Your response should be every line from the entries that includes the string "thesis".
Records for the exercise Block Start
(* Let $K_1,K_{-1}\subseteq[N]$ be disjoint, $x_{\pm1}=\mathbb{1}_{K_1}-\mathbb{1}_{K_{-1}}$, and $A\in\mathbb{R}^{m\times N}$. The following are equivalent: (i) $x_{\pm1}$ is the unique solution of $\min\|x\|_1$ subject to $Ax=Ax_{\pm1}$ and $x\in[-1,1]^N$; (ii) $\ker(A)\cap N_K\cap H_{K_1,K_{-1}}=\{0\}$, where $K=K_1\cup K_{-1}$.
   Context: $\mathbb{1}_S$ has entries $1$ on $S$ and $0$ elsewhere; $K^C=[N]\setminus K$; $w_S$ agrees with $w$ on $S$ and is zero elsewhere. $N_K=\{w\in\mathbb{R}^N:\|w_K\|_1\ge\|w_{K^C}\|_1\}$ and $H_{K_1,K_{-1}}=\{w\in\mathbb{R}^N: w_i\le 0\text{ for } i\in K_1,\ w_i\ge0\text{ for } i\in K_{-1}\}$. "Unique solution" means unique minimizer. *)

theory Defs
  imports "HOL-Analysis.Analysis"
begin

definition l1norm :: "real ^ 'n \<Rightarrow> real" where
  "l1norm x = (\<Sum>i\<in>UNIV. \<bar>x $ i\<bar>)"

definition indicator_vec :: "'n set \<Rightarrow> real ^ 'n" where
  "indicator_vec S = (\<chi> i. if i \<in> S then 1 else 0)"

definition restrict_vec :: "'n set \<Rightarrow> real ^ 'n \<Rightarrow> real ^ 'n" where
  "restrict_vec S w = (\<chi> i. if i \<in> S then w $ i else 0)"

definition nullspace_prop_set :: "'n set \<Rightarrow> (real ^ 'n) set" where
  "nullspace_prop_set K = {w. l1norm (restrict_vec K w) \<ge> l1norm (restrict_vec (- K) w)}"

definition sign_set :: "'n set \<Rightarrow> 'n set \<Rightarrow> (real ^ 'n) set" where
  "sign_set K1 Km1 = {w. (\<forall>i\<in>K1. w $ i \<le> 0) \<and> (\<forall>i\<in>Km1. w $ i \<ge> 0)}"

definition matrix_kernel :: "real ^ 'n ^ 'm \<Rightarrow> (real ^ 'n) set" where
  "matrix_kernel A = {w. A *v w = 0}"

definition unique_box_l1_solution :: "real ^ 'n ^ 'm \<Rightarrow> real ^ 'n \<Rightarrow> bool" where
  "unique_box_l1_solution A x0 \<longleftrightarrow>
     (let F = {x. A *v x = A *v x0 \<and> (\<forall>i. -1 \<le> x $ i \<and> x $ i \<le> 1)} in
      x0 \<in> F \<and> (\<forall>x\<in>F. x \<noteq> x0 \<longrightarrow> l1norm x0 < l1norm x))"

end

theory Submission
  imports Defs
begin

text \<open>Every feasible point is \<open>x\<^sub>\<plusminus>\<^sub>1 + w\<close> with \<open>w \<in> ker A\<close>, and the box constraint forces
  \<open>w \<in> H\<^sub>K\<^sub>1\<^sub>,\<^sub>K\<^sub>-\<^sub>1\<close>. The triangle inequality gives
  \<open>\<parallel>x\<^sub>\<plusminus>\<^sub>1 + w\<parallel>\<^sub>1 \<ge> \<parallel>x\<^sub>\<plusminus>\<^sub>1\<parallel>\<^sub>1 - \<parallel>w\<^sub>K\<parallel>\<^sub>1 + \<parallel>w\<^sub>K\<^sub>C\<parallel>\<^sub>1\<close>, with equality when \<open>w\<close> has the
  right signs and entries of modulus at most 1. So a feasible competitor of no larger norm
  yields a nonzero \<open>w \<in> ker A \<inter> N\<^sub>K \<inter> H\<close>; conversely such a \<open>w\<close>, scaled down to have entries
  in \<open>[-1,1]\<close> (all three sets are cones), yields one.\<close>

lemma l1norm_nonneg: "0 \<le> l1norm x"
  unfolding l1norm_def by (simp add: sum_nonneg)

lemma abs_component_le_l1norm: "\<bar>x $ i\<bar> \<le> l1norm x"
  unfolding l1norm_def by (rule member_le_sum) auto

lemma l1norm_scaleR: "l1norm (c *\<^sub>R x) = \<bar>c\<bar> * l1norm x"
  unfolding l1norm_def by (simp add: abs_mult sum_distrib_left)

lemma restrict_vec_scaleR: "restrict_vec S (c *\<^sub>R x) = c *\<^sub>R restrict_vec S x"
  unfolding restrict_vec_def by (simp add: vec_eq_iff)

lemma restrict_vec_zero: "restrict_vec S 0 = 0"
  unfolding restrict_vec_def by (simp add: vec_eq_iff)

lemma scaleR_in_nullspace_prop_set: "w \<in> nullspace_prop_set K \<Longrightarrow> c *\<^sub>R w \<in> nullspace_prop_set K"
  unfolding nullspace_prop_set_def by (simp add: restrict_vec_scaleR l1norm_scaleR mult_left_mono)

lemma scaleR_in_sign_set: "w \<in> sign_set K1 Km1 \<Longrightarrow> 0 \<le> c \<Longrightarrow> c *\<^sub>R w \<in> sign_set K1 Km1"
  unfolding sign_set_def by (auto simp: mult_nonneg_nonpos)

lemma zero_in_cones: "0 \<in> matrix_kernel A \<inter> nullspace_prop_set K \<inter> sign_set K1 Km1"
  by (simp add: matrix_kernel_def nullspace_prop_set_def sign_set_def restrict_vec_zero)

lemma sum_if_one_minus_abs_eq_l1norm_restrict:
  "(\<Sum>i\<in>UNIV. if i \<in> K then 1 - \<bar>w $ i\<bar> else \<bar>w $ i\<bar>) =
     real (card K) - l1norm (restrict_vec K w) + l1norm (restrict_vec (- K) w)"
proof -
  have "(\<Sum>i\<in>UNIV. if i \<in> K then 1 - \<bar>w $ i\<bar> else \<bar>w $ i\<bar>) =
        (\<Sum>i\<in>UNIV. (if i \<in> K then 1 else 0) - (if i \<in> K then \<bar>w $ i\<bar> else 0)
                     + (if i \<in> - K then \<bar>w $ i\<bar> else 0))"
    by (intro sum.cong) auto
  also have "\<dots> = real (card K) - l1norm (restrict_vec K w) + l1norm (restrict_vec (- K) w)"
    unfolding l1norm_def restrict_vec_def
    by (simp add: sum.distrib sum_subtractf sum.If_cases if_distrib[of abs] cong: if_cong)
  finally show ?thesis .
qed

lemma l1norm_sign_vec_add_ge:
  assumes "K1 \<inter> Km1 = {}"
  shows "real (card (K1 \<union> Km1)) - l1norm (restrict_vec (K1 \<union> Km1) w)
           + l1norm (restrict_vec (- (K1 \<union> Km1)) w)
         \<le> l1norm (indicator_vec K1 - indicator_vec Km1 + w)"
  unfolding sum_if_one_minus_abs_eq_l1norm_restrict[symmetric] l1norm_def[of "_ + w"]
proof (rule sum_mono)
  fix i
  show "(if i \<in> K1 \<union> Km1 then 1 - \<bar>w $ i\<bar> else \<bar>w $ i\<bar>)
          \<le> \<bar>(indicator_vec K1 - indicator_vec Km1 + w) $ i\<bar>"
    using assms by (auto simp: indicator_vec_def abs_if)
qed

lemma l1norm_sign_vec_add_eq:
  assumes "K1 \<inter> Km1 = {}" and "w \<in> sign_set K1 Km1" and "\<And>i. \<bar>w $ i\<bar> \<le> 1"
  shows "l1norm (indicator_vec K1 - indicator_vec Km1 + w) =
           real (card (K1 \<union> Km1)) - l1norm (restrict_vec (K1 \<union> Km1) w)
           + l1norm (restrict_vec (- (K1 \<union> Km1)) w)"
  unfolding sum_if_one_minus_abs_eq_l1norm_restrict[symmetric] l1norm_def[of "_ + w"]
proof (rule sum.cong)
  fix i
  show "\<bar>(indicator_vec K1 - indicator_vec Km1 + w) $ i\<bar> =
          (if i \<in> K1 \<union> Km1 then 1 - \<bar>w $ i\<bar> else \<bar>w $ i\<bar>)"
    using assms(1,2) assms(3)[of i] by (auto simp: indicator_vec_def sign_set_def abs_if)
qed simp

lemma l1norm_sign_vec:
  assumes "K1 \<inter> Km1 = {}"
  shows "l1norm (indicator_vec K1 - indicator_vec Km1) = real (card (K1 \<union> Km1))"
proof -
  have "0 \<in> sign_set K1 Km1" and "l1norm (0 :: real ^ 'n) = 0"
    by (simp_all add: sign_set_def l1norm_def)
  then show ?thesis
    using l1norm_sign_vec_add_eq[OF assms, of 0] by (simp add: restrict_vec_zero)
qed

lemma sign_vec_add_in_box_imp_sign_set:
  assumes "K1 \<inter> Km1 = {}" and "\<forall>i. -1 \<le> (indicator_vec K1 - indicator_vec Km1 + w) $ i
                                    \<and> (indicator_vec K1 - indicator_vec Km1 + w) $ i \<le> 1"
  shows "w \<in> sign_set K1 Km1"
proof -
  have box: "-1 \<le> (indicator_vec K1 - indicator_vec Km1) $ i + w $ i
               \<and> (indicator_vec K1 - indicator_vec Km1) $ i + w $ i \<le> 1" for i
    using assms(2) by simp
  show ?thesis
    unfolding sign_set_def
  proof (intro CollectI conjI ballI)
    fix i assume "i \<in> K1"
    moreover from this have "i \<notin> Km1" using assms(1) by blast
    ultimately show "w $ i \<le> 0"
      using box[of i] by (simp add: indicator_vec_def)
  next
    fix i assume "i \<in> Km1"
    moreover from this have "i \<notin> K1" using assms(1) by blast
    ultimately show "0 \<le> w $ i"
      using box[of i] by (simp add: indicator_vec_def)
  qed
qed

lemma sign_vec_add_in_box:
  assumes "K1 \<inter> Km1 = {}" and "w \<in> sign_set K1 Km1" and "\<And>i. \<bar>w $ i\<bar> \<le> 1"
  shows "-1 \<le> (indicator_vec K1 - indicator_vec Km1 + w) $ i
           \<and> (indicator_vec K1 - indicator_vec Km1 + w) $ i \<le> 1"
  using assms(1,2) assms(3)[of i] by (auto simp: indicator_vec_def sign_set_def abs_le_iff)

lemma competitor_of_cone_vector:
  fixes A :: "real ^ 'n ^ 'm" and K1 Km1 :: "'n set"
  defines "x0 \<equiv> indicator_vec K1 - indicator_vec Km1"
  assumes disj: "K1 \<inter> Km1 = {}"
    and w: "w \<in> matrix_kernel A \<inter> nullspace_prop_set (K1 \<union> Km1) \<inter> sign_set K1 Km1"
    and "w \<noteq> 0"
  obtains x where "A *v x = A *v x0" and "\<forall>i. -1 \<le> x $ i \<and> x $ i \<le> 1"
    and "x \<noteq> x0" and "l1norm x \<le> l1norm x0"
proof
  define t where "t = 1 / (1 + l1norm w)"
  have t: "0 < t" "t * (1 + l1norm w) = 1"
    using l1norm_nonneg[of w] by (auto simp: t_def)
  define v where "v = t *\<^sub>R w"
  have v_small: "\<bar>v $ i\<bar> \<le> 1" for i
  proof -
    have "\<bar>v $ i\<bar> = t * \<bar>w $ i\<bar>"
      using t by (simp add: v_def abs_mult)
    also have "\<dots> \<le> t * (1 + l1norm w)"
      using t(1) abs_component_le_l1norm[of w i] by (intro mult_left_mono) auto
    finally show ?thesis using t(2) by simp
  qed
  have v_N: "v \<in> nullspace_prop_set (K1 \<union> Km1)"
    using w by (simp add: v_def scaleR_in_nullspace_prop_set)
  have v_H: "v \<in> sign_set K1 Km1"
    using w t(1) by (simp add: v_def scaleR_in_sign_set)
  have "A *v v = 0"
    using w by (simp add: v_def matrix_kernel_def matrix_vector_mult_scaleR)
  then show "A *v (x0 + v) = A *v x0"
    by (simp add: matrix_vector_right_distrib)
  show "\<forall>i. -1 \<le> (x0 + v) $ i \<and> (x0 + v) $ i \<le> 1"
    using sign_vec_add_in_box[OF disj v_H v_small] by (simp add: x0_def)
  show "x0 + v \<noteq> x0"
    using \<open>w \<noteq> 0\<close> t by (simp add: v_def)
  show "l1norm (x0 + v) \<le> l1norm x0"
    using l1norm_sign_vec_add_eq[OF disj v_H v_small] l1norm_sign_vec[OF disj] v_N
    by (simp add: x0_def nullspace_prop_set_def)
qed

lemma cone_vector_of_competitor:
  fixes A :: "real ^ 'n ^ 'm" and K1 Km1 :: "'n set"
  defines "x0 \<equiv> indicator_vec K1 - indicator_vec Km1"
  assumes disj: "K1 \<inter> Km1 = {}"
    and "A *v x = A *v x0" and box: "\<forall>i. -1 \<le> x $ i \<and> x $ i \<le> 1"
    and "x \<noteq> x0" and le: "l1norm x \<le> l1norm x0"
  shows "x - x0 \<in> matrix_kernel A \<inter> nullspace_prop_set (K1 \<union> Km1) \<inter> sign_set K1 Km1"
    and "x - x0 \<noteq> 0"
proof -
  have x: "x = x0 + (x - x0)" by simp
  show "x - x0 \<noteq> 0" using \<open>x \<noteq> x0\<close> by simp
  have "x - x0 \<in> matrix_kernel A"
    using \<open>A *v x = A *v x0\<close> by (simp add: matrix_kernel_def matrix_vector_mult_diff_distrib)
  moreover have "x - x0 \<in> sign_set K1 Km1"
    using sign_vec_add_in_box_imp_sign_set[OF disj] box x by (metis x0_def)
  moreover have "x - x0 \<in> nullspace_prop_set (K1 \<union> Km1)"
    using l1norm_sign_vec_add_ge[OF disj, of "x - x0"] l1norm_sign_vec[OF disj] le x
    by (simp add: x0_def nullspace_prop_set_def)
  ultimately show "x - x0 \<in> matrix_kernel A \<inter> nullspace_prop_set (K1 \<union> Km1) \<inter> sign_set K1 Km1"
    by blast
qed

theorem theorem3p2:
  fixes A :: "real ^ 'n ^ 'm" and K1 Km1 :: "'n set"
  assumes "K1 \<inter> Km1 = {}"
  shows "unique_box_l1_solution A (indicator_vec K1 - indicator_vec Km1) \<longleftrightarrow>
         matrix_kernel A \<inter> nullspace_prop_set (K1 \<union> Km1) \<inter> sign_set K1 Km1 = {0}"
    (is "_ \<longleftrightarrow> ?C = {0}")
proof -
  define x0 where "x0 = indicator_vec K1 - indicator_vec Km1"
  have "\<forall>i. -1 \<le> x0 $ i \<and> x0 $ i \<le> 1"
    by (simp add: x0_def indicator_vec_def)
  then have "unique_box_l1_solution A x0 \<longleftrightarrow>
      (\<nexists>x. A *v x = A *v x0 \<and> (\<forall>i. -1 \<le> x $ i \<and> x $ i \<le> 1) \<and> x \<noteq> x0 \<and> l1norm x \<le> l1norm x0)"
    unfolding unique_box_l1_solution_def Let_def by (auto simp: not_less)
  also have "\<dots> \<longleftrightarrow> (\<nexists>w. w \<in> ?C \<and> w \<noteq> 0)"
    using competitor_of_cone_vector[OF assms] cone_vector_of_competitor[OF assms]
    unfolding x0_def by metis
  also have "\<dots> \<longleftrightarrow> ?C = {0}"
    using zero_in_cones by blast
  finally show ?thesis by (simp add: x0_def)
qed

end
Records for the exercise Block End
Records for the exercise Block Start
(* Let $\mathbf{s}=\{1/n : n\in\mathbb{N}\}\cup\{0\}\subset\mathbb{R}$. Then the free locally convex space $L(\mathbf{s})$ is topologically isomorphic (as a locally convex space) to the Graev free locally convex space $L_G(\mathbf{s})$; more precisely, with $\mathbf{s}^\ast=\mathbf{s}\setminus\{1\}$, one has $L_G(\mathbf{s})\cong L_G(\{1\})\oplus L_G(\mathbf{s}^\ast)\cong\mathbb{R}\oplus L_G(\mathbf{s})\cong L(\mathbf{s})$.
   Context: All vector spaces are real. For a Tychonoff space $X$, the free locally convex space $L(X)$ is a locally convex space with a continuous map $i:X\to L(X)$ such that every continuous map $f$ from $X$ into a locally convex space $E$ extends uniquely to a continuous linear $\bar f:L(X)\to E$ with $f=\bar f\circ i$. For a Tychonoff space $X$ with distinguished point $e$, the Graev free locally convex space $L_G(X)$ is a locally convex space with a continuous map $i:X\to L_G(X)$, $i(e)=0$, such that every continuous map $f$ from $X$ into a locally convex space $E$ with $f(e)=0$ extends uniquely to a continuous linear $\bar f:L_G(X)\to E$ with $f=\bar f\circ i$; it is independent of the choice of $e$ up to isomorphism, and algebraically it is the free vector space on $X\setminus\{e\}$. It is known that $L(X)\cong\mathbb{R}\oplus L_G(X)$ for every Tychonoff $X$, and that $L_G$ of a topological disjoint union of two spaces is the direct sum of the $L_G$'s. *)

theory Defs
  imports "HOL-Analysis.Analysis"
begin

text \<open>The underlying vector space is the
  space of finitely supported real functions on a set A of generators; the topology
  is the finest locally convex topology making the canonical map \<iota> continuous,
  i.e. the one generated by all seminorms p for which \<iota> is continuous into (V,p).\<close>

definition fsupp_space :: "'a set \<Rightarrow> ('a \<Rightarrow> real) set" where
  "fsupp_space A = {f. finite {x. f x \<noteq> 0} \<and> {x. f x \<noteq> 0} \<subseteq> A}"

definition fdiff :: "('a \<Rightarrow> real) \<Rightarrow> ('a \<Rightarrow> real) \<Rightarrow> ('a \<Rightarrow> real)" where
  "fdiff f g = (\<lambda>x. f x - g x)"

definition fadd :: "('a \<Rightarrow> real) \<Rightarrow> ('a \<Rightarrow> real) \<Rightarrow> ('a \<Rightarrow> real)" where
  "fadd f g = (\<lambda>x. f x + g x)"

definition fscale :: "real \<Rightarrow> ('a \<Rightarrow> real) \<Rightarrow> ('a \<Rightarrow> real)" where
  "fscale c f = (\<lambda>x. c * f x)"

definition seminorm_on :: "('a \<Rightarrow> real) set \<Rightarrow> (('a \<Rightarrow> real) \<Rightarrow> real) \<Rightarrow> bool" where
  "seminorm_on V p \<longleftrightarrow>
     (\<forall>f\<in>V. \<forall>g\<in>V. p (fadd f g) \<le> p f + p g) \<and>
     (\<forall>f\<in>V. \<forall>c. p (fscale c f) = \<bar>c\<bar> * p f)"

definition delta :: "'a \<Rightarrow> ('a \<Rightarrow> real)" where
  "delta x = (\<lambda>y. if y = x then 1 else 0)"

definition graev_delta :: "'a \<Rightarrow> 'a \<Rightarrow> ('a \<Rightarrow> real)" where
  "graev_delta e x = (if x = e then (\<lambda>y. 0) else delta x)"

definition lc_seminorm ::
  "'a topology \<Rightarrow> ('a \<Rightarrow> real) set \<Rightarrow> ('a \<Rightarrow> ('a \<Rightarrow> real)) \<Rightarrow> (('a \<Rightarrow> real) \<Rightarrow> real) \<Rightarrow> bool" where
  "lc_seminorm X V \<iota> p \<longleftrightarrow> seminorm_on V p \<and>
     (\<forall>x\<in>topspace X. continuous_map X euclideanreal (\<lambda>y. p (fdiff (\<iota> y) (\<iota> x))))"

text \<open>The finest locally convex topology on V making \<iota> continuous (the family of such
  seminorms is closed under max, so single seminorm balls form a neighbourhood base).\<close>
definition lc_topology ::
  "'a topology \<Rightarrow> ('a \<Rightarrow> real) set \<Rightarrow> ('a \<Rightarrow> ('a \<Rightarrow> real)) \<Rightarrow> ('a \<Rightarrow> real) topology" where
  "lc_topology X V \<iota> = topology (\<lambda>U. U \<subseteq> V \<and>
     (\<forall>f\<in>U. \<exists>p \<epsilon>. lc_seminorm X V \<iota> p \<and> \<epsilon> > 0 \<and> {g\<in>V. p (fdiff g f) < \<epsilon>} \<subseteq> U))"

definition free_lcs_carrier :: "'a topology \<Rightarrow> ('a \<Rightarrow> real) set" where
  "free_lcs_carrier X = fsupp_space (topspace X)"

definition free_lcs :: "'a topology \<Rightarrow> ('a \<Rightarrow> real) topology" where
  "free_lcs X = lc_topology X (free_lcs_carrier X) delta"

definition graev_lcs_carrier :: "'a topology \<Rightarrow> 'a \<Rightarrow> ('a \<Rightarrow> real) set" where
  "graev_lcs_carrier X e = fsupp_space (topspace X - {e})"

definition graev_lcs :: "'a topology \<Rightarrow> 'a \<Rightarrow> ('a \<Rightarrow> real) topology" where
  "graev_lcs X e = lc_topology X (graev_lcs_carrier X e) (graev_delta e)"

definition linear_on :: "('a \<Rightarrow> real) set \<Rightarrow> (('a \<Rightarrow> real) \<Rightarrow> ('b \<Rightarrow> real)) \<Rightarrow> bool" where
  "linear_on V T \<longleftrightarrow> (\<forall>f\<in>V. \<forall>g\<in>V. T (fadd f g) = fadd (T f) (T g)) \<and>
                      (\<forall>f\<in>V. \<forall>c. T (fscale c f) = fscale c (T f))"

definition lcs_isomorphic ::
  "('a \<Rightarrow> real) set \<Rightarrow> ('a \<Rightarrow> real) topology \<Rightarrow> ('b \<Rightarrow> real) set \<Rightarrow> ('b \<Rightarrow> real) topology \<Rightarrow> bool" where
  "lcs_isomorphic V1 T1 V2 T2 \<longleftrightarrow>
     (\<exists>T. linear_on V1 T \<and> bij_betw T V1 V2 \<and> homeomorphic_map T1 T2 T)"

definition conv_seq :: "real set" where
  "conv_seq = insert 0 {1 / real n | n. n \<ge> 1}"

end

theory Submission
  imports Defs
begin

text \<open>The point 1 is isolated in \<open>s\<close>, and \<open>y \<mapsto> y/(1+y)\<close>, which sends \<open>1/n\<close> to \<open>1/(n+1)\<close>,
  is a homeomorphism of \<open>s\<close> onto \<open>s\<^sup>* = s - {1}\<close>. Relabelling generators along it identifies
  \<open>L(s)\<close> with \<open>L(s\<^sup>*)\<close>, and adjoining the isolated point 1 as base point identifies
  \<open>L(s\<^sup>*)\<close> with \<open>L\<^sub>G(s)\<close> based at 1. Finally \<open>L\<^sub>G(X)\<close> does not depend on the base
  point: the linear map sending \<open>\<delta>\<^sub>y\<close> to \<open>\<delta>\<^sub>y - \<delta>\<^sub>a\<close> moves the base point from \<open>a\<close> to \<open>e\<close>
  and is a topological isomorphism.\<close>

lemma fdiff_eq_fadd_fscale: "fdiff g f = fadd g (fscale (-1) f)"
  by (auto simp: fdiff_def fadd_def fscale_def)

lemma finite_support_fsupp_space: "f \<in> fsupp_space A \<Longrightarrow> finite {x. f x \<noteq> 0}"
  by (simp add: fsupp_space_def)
Records for the exercise Block End
* _Final answer_
  finally show ?thesis .
  then show ?thesis
  show ?thesis
    finally show ?thesis using t(2) by simp
  finally show ?thesis by (simp add: x0_def)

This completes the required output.